Working data ::
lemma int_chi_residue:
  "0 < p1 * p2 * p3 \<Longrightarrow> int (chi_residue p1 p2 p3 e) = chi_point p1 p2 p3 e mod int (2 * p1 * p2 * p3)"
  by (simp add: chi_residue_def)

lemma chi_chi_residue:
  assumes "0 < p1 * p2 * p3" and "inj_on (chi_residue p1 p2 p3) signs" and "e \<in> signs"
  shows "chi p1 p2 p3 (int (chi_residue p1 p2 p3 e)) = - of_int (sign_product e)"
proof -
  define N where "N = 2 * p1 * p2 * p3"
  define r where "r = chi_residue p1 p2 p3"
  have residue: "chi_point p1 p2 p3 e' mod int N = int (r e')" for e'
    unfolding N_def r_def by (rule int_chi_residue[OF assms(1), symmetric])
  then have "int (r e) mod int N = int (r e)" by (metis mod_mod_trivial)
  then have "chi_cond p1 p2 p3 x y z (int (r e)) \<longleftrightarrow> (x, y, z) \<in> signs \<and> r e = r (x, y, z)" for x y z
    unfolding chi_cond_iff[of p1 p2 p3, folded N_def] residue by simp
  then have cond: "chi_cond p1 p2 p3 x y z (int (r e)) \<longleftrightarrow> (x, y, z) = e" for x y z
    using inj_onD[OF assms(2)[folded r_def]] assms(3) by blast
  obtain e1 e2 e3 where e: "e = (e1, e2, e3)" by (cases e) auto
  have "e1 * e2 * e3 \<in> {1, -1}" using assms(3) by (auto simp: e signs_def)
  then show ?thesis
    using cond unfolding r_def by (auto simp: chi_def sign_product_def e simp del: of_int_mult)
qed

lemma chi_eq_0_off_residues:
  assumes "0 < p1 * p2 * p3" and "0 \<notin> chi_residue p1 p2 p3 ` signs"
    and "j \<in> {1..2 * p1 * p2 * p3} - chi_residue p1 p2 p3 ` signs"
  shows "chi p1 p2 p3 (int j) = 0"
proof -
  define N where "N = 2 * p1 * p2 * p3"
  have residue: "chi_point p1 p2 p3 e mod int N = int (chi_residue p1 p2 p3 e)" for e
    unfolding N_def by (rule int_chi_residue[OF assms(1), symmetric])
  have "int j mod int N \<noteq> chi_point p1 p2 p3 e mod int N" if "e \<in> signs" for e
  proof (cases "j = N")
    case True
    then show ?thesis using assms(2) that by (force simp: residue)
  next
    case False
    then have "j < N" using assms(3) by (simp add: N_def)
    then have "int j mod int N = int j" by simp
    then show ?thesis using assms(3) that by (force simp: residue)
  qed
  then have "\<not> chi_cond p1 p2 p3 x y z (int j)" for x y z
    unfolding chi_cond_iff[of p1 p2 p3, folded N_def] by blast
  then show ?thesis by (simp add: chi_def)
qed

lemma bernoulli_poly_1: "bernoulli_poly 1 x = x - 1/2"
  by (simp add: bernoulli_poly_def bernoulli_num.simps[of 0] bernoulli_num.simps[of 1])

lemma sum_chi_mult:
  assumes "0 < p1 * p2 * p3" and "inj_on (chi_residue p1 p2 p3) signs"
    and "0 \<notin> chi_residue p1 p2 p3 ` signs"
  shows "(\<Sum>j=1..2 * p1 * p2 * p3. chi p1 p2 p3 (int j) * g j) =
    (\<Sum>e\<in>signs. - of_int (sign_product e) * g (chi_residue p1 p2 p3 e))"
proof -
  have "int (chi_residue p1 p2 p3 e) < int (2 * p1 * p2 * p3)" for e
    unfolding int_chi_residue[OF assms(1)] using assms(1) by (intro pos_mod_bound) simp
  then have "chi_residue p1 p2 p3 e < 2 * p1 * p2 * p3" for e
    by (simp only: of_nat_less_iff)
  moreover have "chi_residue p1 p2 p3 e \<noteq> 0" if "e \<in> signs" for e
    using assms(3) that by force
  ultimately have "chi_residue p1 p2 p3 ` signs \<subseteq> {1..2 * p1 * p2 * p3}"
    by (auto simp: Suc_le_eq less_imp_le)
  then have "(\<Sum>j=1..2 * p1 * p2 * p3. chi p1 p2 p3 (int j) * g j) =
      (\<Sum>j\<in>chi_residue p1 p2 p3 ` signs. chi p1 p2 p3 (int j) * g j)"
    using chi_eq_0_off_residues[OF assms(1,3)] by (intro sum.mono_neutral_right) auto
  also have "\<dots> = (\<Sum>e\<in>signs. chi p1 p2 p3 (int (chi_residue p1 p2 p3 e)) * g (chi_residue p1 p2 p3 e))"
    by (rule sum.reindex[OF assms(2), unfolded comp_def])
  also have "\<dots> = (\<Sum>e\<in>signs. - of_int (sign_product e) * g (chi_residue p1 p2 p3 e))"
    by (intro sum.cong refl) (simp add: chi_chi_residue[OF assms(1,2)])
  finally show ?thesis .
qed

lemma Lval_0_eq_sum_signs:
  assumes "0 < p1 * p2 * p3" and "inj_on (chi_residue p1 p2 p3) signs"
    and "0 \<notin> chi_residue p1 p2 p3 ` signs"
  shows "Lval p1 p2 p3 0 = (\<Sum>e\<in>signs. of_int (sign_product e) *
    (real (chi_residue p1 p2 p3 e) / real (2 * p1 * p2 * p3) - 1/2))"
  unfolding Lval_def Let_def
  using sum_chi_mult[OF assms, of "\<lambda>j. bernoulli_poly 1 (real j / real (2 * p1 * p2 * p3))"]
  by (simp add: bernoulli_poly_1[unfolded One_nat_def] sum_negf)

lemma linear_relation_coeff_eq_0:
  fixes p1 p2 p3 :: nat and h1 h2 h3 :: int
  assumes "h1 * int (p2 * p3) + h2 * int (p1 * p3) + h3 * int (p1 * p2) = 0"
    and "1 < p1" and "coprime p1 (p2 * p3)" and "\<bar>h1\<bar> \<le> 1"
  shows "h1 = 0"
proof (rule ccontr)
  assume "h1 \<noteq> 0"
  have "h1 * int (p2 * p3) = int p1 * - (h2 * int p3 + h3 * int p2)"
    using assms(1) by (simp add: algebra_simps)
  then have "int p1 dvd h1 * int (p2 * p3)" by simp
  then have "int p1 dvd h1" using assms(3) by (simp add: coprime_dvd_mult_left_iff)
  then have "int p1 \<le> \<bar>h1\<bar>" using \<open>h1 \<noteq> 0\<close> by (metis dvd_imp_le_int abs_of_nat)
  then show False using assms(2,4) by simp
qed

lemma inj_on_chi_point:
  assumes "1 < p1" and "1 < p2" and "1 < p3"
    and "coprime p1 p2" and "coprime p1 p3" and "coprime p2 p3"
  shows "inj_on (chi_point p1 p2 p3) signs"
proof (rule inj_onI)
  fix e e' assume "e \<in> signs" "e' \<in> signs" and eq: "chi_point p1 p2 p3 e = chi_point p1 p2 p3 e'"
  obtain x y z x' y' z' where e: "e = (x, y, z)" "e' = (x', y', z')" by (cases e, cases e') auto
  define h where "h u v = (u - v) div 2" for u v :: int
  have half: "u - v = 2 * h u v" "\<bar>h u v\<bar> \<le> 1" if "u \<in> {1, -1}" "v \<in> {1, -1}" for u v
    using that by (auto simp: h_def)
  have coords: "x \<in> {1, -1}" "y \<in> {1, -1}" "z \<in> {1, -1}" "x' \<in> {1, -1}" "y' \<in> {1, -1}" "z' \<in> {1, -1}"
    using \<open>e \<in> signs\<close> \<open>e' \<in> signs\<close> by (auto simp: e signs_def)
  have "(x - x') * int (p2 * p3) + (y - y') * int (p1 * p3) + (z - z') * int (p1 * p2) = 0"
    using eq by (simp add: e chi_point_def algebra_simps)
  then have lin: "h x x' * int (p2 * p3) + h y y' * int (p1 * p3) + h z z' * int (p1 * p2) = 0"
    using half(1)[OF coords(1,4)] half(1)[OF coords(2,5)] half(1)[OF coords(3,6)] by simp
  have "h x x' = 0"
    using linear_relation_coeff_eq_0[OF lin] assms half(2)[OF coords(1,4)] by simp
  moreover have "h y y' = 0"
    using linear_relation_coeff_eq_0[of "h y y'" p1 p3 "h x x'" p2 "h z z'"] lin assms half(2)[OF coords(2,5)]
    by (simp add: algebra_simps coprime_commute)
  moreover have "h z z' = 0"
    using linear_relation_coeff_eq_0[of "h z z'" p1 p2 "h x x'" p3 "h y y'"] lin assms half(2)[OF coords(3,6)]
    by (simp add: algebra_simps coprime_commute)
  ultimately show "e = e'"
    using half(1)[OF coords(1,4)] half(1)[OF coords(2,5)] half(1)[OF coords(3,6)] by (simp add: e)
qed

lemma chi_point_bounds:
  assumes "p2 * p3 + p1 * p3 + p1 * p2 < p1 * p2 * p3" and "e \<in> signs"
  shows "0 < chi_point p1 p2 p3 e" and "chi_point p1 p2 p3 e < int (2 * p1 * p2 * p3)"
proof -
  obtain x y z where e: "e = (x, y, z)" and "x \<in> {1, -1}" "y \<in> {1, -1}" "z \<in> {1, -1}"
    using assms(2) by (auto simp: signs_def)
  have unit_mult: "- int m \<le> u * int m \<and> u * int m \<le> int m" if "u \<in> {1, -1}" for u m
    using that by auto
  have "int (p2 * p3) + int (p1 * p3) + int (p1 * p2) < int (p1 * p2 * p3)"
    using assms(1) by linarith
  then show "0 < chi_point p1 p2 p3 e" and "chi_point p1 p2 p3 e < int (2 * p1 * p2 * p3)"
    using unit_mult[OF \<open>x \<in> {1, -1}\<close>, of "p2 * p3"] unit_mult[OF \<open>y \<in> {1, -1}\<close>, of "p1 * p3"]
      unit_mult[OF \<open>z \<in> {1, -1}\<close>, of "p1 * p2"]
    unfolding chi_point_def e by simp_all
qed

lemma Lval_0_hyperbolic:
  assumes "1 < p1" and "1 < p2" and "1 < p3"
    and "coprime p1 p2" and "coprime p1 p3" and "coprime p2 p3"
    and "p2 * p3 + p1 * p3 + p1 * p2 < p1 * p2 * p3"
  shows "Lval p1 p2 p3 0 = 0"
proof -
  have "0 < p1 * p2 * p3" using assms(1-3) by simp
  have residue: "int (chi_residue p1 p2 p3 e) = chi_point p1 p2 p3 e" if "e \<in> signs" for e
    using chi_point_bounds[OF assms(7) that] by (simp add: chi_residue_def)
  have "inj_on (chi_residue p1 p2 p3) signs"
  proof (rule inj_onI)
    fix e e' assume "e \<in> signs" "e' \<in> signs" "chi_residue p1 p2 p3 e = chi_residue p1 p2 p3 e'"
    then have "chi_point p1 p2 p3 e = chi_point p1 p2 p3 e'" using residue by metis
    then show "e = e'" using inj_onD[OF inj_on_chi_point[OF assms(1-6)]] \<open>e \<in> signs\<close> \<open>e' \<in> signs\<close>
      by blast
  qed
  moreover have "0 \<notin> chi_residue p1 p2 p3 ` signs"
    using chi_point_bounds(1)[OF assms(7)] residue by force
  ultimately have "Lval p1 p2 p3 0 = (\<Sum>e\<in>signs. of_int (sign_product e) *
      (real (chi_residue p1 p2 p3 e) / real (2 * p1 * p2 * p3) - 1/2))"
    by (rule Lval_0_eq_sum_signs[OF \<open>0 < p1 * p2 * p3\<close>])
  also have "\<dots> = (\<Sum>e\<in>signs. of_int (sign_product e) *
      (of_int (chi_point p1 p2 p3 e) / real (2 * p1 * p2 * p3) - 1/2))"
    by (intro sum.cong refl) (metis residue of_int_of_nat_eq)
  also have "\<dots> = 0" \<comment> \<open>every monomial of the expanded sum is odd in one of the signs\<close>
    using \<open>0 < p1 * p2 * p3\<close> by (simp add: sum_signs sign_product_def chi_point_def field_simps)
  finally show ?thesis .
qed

Instructions to follow ::
From the listing above, output exactly the run of lines that starts with the line containing "assms(1-3) by simp" and ends with the line containing "e = chi_residue".

Response ::
  have "0 < p1 * p2 * p3" using assms(1-3) by simp
  have residue: "int (chi_residue p1 p2 p3 e) = chi_point p1 p2 p3 e" if "e \<in> signs" for e
    using chi_point_bounds[OF assms(7) that] by (simp add: chi_residue_def)
  have "inj_on (chi_residue p1 p2 p3) signs"
  proof (rule inj_onI)
    fix e e' assume "e \<in> signs" "e' \<in> signs" "chi_residue p1 p2 p3 e = chi_residue p1 p2 p3 e'"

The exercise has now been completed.